**INPUT DATA:**
>>>

text \<open>A point of \<open>\<Omega>\<close> at distance at least \<open>d/8\<close> from the boundary lies within \<open>d/16\<close>
  of a centre in \<open>C\<close>; a point closer to the boundary lies within \<open>d/4\<close> of a chart centre
  \<open>x\<^sub>i\<^sup>0\<close>, and in that chart the segment to \<open>y\<^sub>i\<^sup>0\<close> points into the cone above the graph
  of the 1/100-Lipschitz function \<open>\<phi>\<^sub>i\<close>, so the ball of radius \<open>d(x, \<partial>\<Omega>)\<close> slides along it
  inside \<open>\<Omega>\<close>. Two points of \<open>\<Y>\<close> closer than \<open>d/8\<close> carry balls of radius \<open>d/8\<close> inside
  \<open>\<Omega>\<close>, which keeps the segment between them \<open>sqrt 3 d/16 > d/10\<close> away from the boundary.
  Finally \<open>\<Omega>\<close> is covered by the \<open>d/16\<close>-balls around \<open>\<Y>\<close> together with the \<open>d/4\<close>-balls
  around the \<open>x\<^sub>i\<^sup>0\<close>; overlapping pieces are linked by such short steps, so connectedness of
  \<open>\<Omega>\<close> links any two points of \<open>\<Y>\<close>.\<close>

lemma orthonormal3_expansion:
  fixes a b c x :: "real^3"
  assumes "orthonormal3 a b c"
  shows "x = (x \<bullet> a) *\<^sub>R a + (x \<bullet> b) *\<^sub>R b + (x \<bullet> c) *\<^sub>R c"
proof (rule ccontr)
  define w where "w = x - ((x \<bullet> a) *\<^sub>R a + (x \<bullet> b) *\<^sub>R b + (x \<bullet> c) *\<^sub>R c)"
  assume "x \<noteq> (x \<bullet> a) *\<^sub>R a + (x \<bullet> b) *\<^sub>R b + (x \<bullet> c) *\<^sub>R c"
  then have "w \<noteq> 0" by (simp add: w_def)
  have unit: "a \<bullet> a = 1" "b \<bullet> b = 1" "c \<bullet> c = 1"
    and orth: "a \<bullet> b = 0" "a \<bullet> c = 0" "b \<bullet> c = 0"
    using assms by (auto simp: orthonormal3_def)
  moreover have "b \<bullet> a = 0" "c \<bullet> a = 0" "c \<bullet> b = 0" using orth by (simp_all add: inner_commute)
  ultimately have w_orth: "w \<bullet> a = 0" "w \<bullet> b = 0" "w \<bullet> c = 0"
    by (simp_all add: w_def inner_diff_left inner_add_left)
  have "pairwise orthogonal {a, b, c, w}"
    using orth w_orth by (auto simp: pairwise_def orthogonal_def inner_commute)
  moreover have "0 \<notin> {a, b, c, w}" using unit \<open>w \<noteq> 0\<close> by auto
  ultimately have "card {a, b, c, w} \<le> DIM(real^3)"
    using pairwise_orthogonal_independent independent_bound by blast
  moreover have "a \<noteq> b" "a \<noteq> c" "b \<noteq> c" "a \<noteq> w" "b \<noteq> w" "c \<noteq> w"
    using unit orth w_orth by (metis zero_neq_one)+
  then have "card {a, b, c, w} = 4" by simp
  ultimately show False by simp
qed
lemma phi_midpoint_strongly_concave: "midpoint_strongly_concave_on S l (phi l F m x)"
  by (rule midpoint_strongly_concave_on_phi) (use m convex_on in auto)

lemma phi_has_max:
  assumes "x \<in> S"
  shows "\<exists>y\<in>S. \<forall>z\<in>S. phi l F m x z \<le> phi l F m x y"
proof (rule continuous_attains_sup_bounded_superlevel[OF closed _ assms])
  show "continuous_on S (phi l F m x)"
    by (rule continuous_on_phi) (use m continuous in auto)
  have "1 \<in> {1..m}" using m by simp
  have "l / 2 * (norm (y - x))\<^sup>2 \<le> F 1 x - F 1 y" if "phi l F m x x \<le> phi l F m x y" for y
    using that phi_le[OF \<open>1 \<in> {1..m}\<close>, of l F x y] phi_self[OF m, of l F x]
    unfolding norm_minus_commute[of y x] by linarith
  then have "{y \<in> S. phi l F m x x \<le> phi l F m x y}
      \<subseteq> {y \<in> S. l / 2 * (norm (y - x))\<^sup>2 \<le> F 1 x - F 1 y}"
    by auto
  moreover have "bounded {y \<in> S. l / 2 * (norm (y - x))\<^sup>2 \<le> F 1 x - F 1 y}"
    using \<open>1 \<in> {1..m}\<close> l assms
    by (intro bounded_convex_on_quadratic_decrease closed convex_on continuous) auto
  ultimately show "bounded {y \<in> S. phi l F m x x \<le> phi l F m x y}"
    by (rule bounded_subset[rotated])
qed

lemma U_fun_is_max:
  assumes "x \<in> S"
  shows "U_fun l F m S x \<in> S \<and> (\<forall>z\<in>S. phi l F m x z \<le> phi l F m x (U_fun l F m S x))"
proof -
  have "\<exists>!y. y \<in> S \<and> (\<forall>z\<in>S. phi l F m x z \<le> phi l F m x y)"
    using phi_has_max[OF assms]
      midpoint_strongly_concave_on_max_unique[OF convex l phi_midpoint_strongly_concave]
    by blast
  then show ?thesis unfolding U_fun_def by (rule theI')
qed
(* With the Fock space $\widetilde{\mathcal H}$, operators $M_k,A_k,D_k$ and vectors $\eta_k$ as in the context, let $R$ be a positive integer and $\varepsilon\colon\{1,\dots,R\}\to\{1,*\}$, $\iota\colon\{1,\dots,R\}\to\{1,\dots,N\}$. Suppose $\psi\colon\{1,\dots,R\}\to\mathcal L(\widetilde{\mathcal H})$ satisfies: (a) $\psi(1)\in\{M_{\iota(1)},A^*_{\iota(1)}\}$ if $\varepsilon(1)=1$, and $\psi(1)\in\{M^*_{\iota(1)},D^*_{\iota(1)}\}$ if $\varepsilon(1)=*$; (b) $\psi(R)\in\{M_{\iota(R)},D_{\iota(R)}\}$ if $\varepsilon(R)=1$, and $\psi(R)\in\{M^*_{\iota(R)},A_{\iota(R)}\}$ if $\varepsilon(R)=*$; (c) for $2\le j\le R-1$, $\psi(j)\in\{M_{\iota(j)}^{\varepsilon(j)},(A^*_{\iota(j)})^{\varepsilon(j)},D_{\iota(j)}^{\varepsilon(j)}\}$. Let $k,k'\in\{1,\dots,N\}$. Then $\langle\psi(1)\psi(2)\cdots\psi(R)\eta_k,\eta_{k'}\rangle=0$ unless $k=k'=\iota(1)=\iota(R)$ and there exists $\pi\in NC(R)$ such that (i) $\pi\in NC_{\mathrm{irr}}(R)$, (ii) for every block $(q_1<\dots<q_r)$ of $\pi$, $\iota(q_1)=\dots=\iota(q_r)$ and $\varepsilon(q_1)\ne\varepsilon(q_2)\ne\dots\ne\varepsilon(q_r)\ne\varepsilon(q_1)$, and $\psi=\varphi_\pi$, where $\varphi_\pi$ is defined by: $\varphi_\pi(j)=M_{\iota(j)}^{\varepsilon(j)}$ for $j\in\{1,R\}$; for $2\le j\le R-1$ with $\varepsilon(j)=1$, $\varphi_\pi(j)$ is $D_{\iota(j)}$, $A^*_{\iota(j)}$ or $M_{\iota(j)}$ according as $j$ is the least element of its block, the greatest element of its block, or neither; for $2\le j\le R-1$ with $\varepsilon(j)=*$, $\varphi_\pi(j)$ is $A_{\iota(j)}$, $D^*_{\iota(j)}$ or $M^*_{\iota(j)}$ in the same three cases.
   Context: $\sigma_1,\dots,\sigma_N$ are compactly supported symmetric finite positive Borel measures on $\mathbf{R}$. $NC(R)$ is the set of noncrossing partitions of $\{1,\dots,R\}$ and $NC_{\mathrm{irr}}(R)$ those in which $1$ and $R$ lie in the same block. Fock model: let $\{e,f\}$ be an orthonormal basis of $\mathbf{C}^2$, $H_k^e=L^2(\sigma_k)\otimes\mathbf{C}e$, $H_k^f=L^2(\sigma_k)\otimes\mathbf{C}f$, $\mathcal H=\bigoplus_{k=1}^N(H_k^e\oplus H_k^f)$, $\widetilde{\mathcal H}=\bigoplus_{n\ge1}\mathcal H^{\otimes n}$ (no vacuum), with inner product $\langle\cdot,\cdot\rangle$. Let $\mathrm{id}_k\in L^2(\sigma_k)$ be $t\mapsto t$ and $1_k$ the constant $1$; $m_k\colon H_k^e\to H_k^f$, $m_k(F\otimes e)=(\mathrm{id}_k F)\otimes f$. For $v_1,\dots,v_n\in\mathcal H$: $M_k(v_1\otimes\cdots\otimes v_n)=m_k(P_{H_k^e}v_1)\otimes v_2\otimes\cdots\otimes v_n$ (so $M_k^*(v_1\otimes\cdots\otimes v_n)=m_k^*(P_{H_k^f}v_1)\otimes v_2\otimes\cdots\otimes v_n$), $A_k^*(v_1\otimes\cdots\otimes v_n)=(\mathrm{id}_k\otimes f)\otimes v_1\otimes\cdots\otimes v_n$, $D_k^*(v_1\otimes\cdots\otimes v_n)=(\mathrm{id}_k\otimes e)\otimes v_1\otimes\cdots\otimes v_n$; adjoints $A_k(v_1\otimes\cdots\otimes v_n)=\langle v_1,\mathrm{id}_k\otimes f\rangle v_2\otimes\cdots\otimes v_n$, $D_k(v_1\otimes\cdots\otimes v_n)=\langle v_1,\mathrm{id}_k\otimes e\rangle v_2\otimes\cdots\otimes v_n$ for $n\ge2$, and $A_kv=D_kv=0$ for $v\in\mathcal H$. $P_H$ is orthogonal projection onto $H$. For an operator $Z$, $Z^1=Z$ and $Z^*$ is its adjoint (so $(A_k^* )^*=A_k$). $\eta_k=1_k\otimes e+1_k\otimes f$. *)

theory Defs
  imports "HOL-Analysis.Analysis" "HOL-Library.Disjoint_Sets"
begin

text \<open>A vector is represented by its
  "kernel": a function of a tensor word ((k_1,b_1,t_1),...,(k_n,b_n,t_n)), where
  k_i is the component index, b_i = True means the basis vector e and b_i = False
  means f, and t_i is the variable of L2(sigma_{k_i}).  The degree-n component
  is the restriction to words of length n; the value at the empty word (vacuum)
  plays no role.\<close>

type_synonym fvec = "(nat \<times> bool \<times> real) list \<Rightarrow> complex"

definition deg_inner :: "(nat \<Rightarrow> real measure) \<Rightarrow> nat \<Rightarrow> nat \<Rightarrow> fvec \<Rightarrow> fvec \<Rightarrow> complex" where
  "deg_inner \<sigma> N n v w =
     (\<Sum>ks\<in>{ks. length ks = n \<and> set ks \<subseteq> {1..N}}.
      \<Sum>bs\<in>{bs::bool list. length bs = n}.
        LINT x | PiM {..<n} (\<lambda>i. \<sigma> (ks ! i)).
          v (map (\<lambda>i. (ks ! i, bs ! i, x i)) [0..<n]) *
          cnj (w (map (\<lambda>i. (ks ! i, bs ! i, x i)) [0..<n])))"

definition fock_inner :: "(nat \<Rightarrow> real measure) \<Rightarrow> nat \<Rightarrow> fvec \<Rightarrow> fvec \<Rightarrow> complex" where
  "fock_inner \<sigma> N v w = (\<Sum>n. deg_inner \<sigma> N (Suc n) v w)"

definition opM :: "nat \<Rightarrow> fvec \<Rightarrow> fvec" where
  "opM k v = (\<lambda>xs. case xs of [] \<Rightarrow> 0
     | (k', b, t) # rest \<Rightarrow> if k' = k \<and> \<not> b then complex_of_real t * v ((k, True, t) # rest) else 0)"

definition opMstar :: "nat \<Rightarrow> fvec \<Rightarrow> fvec" where
  "opMstar k v = (\<lambda>xs. case xs of [] \<Rightarrow> 0
     | (k', b, t) # rest \<Rightarrow> if k' = k \<and> b then complex_of_real t * v ((k, False, t) # rest) else 0)"

definition opAstar :: "nat \<Rightarrow> fvec \<Rightarrow> fvec" where
  "opAstar k v = (\<lambda>xs. case xs of [] \<Rightarrow> 0
     | (k', b, t) # rest \<Rightarrow> if k' = k \<and> \<not> b \<and> rest \<noteq> [] then complex_of_real t * v rest else 0)"

definition opDstar :: "nat \<Rightarrow> fvec \<Rightarrow> fvec" where
  "opDstar k v = (\<lambda>xs. case xs of [] \<Rightarrow> 0
     | (k', b, t) # rest \<Rightarrow> if k' = k \<and> b \<and> rest \<noteq> [] then complex_of_real t * v rest else 0)"

definition opA :: "(nat \<Rightarrow> real measure) \<Rightarrow> nat \<Rightarrow> fvec \<Rightarrow> fvec" where
  "opA \<sigma> k v = (\<lambda>xs. if xs = [] then 0
     else LINT s | \<sigma> k. v ((k, False, s) # xs) * complex_of_real s)"

definition opD :: "(nat \<Rightarrow> real measure) \<Rightarrow> nat \<Rightarrow> fvec \<Rightarrow> fvec" where
  "opD \<sigma> k v = (\<lambda>xs. if xs = [] then 0
     else LINT s | \<sigma> k. v ((k, True, s) # xs) * complex_of_real s)"

text \<open>Powers Z^eps, where eps = True stands for the exponent 1 and eps = False for *.\<close>

definition Mpow :: "nat \<Rightarrow> bool \<Rightarrow> fvec \<Rightarrow> fvec" where
  "Mpow k e = (if e then opM k else opMstar k)"

definition Astarpow :: "(nat \<Rightarrow> real measure) \<Rightarrow> nat \<Rightarrow> bool \<Rightarrow> fvec \<Rightarrow> fvec" where
  "Astarpow \<sigma> k e = (if e then opAstar k else opA \<sigma> k)"

definition Dpow :: "(nat \<Rightarrow> real measure) \<Rightarrow> nat \<Rightarrow> bool \<Rightarrow> fvec \<Rightarrow> fvec" where
  "Dpow \<sigma> k e = (if e then opD \<sigma> k else opDstar k)"

text \<open>eta_k = 1_k (x) e + 1_k (x) f.\<close>

definition eta :: "nat \<Rightarrow> fvec" where
  "eta k = (\<lambda>xs. case xs of [(k', b, t)] \<Rightarrow> if k' = k then 1 else 0 | _ \<Rightarrow> 0)"

definition NC :: "nat \<Rightarrow> nat set set \<Rightarrow> bool" where
  "NC R \<pi> \<longleftrightarrow> partition_on {1..R} \<pi> \<and>
     (\<forall>B1\<in>\<pi>. \<forall>B2\<in>\<pi>. B1 \<noteq> B2 \<longrightarrow>
        \<not> (\<exists>a b c d. a < b \<and> b < c \<and> c < d \<and> a \<in> B1 \<and> c \<in> B1 \<and> b \<in> B2 \<and> d \<in> B2))"

definition NC_irr :: "nat \<Rightarrow> nat set set \<Rightarrow> bool" where
  "NC_irr R \<pi> \<longleftrightarrow> NC R \<pi> \<and> (\<exists>B\<in>\<pi>. 1 \<in> B \<and> R \<in> B)"

definition block_of :: "nat set set \<Rightarrow> nat \<Rightarrow> nat set" where
  "block_of \<pi> j = (THE B. B \<in> \<pi> \<and> j \<in> B)"

definition block_ok :: "(nat \<Rightarrow> nat) \<Rightarrow> (nat \<Rightarrow> bool) \<Rightarrow> nat set \<Rightarrow> bool" where
  "block_ok \<iota> \<epsilon> B \<longleftrightarrow>
     (let qs = sorted_list_of_set B in
       (\<forall>i < length qs. \<iota> (qs ! i) = \<iota> (hd qs)) \<and>
       (\<forall>i. Suc i < length qs \<longrightarrow> \<epsilon> (qs ! i) \<noteq> \<epsilon> (qs ! Suc i)) \<and>
       \<epsilon> (last qs) \<noteq> \<epsilon> (hd qs))"

definition phi :: "(nat \<Rightarrow> real measure) \<Rightarrow> nat \<Rightarrow> (nat \<Rightarrow> nat) \<Rightarrow> (nat \<Rightarrow> bool) \<Rightarrow> nat set set
     \<Rightarrow> nat \<Rightarrow> fvec \<Rightarrow> fvec" where
  "phi \<sigma> R \<iota> \<epsilon> \<pi> j =
     (if j = 1 \<or> j = R then Mpow (\<iota> j) (\<epsilon> j)
      else if j = Min (block_of \<pi> j) then (if \<epsilon> j then opD \<sigma> (\<iota> j) else opA \<sigma> (\<iota> j))
      else if j = Max (block_of \<pi> j) then (if \<epsilon> j then opAstar (\<iota> j) else opDstar (\<iota> j))
      else Mpow (\<iota> j) (\<epsilon> j))"

definition apply_word :: "(nat \<Rightarrow> fvec \<Rightarrow> fvec) \<Rightarrow> nat \<Rightarrow> fvec \<Rightarrow> fvec" where
  "apply_word \<psi> R v = foldr (\<lambda>j w. \<psi> j w) [1..<Suc R] v"

end

theory Submission
  imports Defs
begin

text \<open>Evaluate the kernel of \<open>\<psi>(1) \<cdots> \<psi>(R) \<eta>\<^sub>k\<close> at a tensor word from the outside in.
  \<open>M\<^sup>\<epsilon>\<close> multiplies by the variable of the first factor and flips its \<open>e\<close>/\<open>f\<close> label,
  the creators \<open>A\<^sup>*\<close>, \<open>D\<^sup>*\<close> multiply by it and remove the factor, and the annihilators
  \<open>A\<close>, \<open>D\<close> prepend a new factor whose variable is integrated against \<open>\<sigma>\<close>.  Recording
  which position created each factor turns the evaluation into a stack machine: the
  kernel is a product of moments of the \<open>\<sigma>\<^sub>q\<close> times a monomial in the remaining
  variables, and it vanishes unless every step matches the component and label of the
  top factor.  Odd moments of symmetric measures vanish, so a nonzero inner product with
  \<open>\<eta>\<^bsub>k'\<^esub>\<close> forces an accepting run in which every factor is touched an even number of
  times.  The positions acting on a common factor form the blocks of \<open>\<pi>\<close>: the stack
  discipline makes \<open>\<pi>\<close> noncrossing, the label checks give (ii) for consecutive
  elements of a block, evenness closes the alternation, and the factor of \<open>\<eta>\<^sub>k\<close>,
  present from position \<open>1\<close> to \<open>R\<close>, makes \<open>\<pi>\<close> irreducible.\<close>

datatype op_kind = OpM | OpMstar | OpAstar | OpDstar | OpA | OpD

fun op_of_kind :: "(nat \<Rightarrow> real measure) \<Rightarrow> op_kind \<Rightarrow> nat \<Rightarrow> fvec \<Rightarrow> fvec" where
  "op_of_kind \<sigma> OpM q = opM q"
| "op_of_kind \<sigma> OpMstar q = opMstar q"
| "op_of_kind \<sigma> OpAstar q = opAstar q"
| "op_of_kind \<sigma> OpDstar q = opDstar q"
| "op_of_kind \<sigma> OpA q = opA \<sigma> q"
| "op_of_kind \<sigma> OpD q = opD \<sigma> q"

text \<open>The annihilators open a block and the creators close one, because the word
  is read from the outside in.  The exponent is that of the operator as a power
  \<open>Z\<^sup>\<epsilon>\<close>, with \<open>True\<close> for \<open>1\<close>.\<close>

fun opens_block :: "op_kind \<Rightarrow> bool" where
  "opens_block OpA = True" | "opens_block OpD = True" | "opens_block _ = False"

fun closes_block :: "op_kind \<Rightarrow> bool" where
  "closes_block OpAstar = True" | "closes_block OpDstar = True" | "closes_block _ = False"

fun kind_exp :: "op_kind \<Rightarrow> bool" where
  "kind_exp OpM = True" | "kind_exp OpMstar = False"
| "kind_exp OpAstar = True" | "kind_exp OpDstar = False"
| "kind_exp OpA = False" | "kind_exp OpD = True"

lemma op_of_kind_opening:
  assumes "opens_block \<kappa>"
  shows "op_of_kind \<sigma> \<kappa> q v xs =
    (if xs = [] then 0 else LINT s | \<sigma> q. v ((q, kind_exp \<kappa>, s) # xs) * complex_of_real s)"
  using assms by (cases \<kappa>) (simp_all add: opA_def opD_def)

lemma op_of_kind_Nil: "\<not> opens_block \<kappa> \<Longrightarrow> op_of_kind \<sigma> \<kappa> q v [] = 0"
  by (cases \<kappa>) (simp_all add: opM_def opMstar_def opAstar_def opDstar_def)

lemma op_of_kind_Cons:
  assumes "\<not> opens_block \<kappa>"
  shows "op_of_kind \<sigma> \<kappa> q v ((q', b, t) # xs) =
    (if q' = q \<and> b = (\<not> kind_exp \<kappa>) then
       complex_of_real t * (if \<not> closes_block \<kappa> then v ((q, kind_exp \<kappa>, t) # xs)
                            else if xs = [] then 0 else v xs)
     else 0)"
  using assms by (cases \<kappa>) (auto simp: opM_def opMstar_def opAstar_def opDstar_def)
lemma sum_scaleR_mem_color_cone:
  fixes chi :: "real \<Rightarrow> real ^ 'n"
  assumes "continuous_on {0<..} chi" and "finite L" and "L \<subseteq> {0<..}"
    and "\<And>l. l \<in> L \<Longrightarrow> 0 \<le> w l"
  shows "(\<Sum>l\<in>L. w l *\<^sub>R chi l) \<in> color_cone chi"
proof -
  define N where "N = restrict_space (borel :: real measure) {0<..}"
  define P where "P = point_measure L (\<lambda>l. ennreal (w l))"
  have id_measurable: "id \<in> measurable P N"
    using assms(3) by (auto simp: P_def N_def point_measure_def space_restrict_space)
  have "finite_measure P"
    using assms(2) by (intro finite_measureI)
      (simp add: P_def emeasure_point_measure_finite space_point_measure)
  then have "finite_measure (distr P N id)"
    using id_measurable by (rule finite_measure.finite_measure_distr)
  moreover have "integral\<^sup>L (distr P N id) chi = (\<Sum>l\<in>L. w l *\<^sub>R chi l)"
  proof -
    have "chi \<in> borel_measurable N"
      unfolding N_def by (rule borel_measurable_continuous_on_restrict[OF assms(1)])
    then have "integral\<^sup>L (distr P N id) chi = integral\<^sup>L P chi"
      using integral_distr[OF id_measurable] by simp
    also have "\<dots> = integral\<^sup>L (count_space L) (\<lambda>l. w l *\<^sub>R chi l)"
      unfolding P_def point_measure_def using assms(4)
      by (intro integral_density) (auto simp: AE_count_space)
    also have "\<dots> = (\<Sum>l\<in>L. w l *\<^sub>R chi l)"
      using assms(2) by (rule lebesgue_integral_count_space_finite)
    finally show ?thesis .
  qed
  ultimately show ?thesis
    unfolding color_cone_def N_def by (metis (mono_tags, lifting) mem_Collect_eq sets_distr)
qed

lemma convex_hull_normalized_subset_color_triangle:
  fixes chi :: "real \<Rightarrow> real ^ 'n"
  assumes "continuous_on {0<..} chi" and "I \<subseteq> {0<..}"
    and "\<And>l. l \<in> I \<Longrightarrow> 0 < ones \<bullet> chi l"
  shows "convex hull ((\<lambda>l. chi l /\<^sub>R (ones \<bullet> chi l)) ` I) \<subseteq> color_triangle chi"
proof -
  define eta where "eta = (\<lambda>l. chi l /\<^sub>R (ones \<bullet> chi l))"
  have "eta l \<in> hyperplane_A" if "l \<in> I" for l
    using assms(3)[OF that] by (simp add: eta_def hyperplane_A_eq)
  then have "eta ` I \<subseteq> hyperplane_A"
    by blast
  then have "convex hull (eta ` I) \<subseteq> hyperplane_A"
    by (simp add: hull_minimal affine_imp_convex affine_hyperplane_A)
  moreover have "convex hull (eta ` I) \<subseteq> color_cone chi"
  proof
    fix y assume "y \<in> convex hull (eta ` I)"
    then obtain S u where S: "finite S" "S \<subseteq> eta ` I" "\<forall>v\<in>S. 0 \<le> u v"
      and y: "y = (\<Sum>v\<in>S. u v *\<^sub>R v)"
      unfolding convex_hull_explicit by blast
    then obtain L where L: "L \<subseteq> I" "inj_on eta L" "S = eta ` L"
      by (meson subset_image_inj)
    have "y = (\<Sum>l\<in>L. u (eta l) *\<^sub>R eta l)"
      using y L(2,3) by (simp add: sum.reindex)
    also have "\<dots> = (\<Sum>l\<in>L. (u (eta l) / (ones \<bullet> chi l)) *\<^sub>R chi l)"
      by (simp add: eta_def divide_inverse)
    also have "\<dots> \<in> color_cone chi"
      using S L assms by (intro sum_scaleR_mem_color_cone)
        (auto simp: finite_image_iff intro!: divide_nonneg_pos)
    finally show "y \<in> color_cone chi" .
  qed
  ultimately show ?thesis
    unfolding color_triangle_def eta_def by blast
qed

<<<

**TASK INSTRUCTIONS:** Only the count is needed: the number of lines in the data that include the word "card".

**REPLY:** 2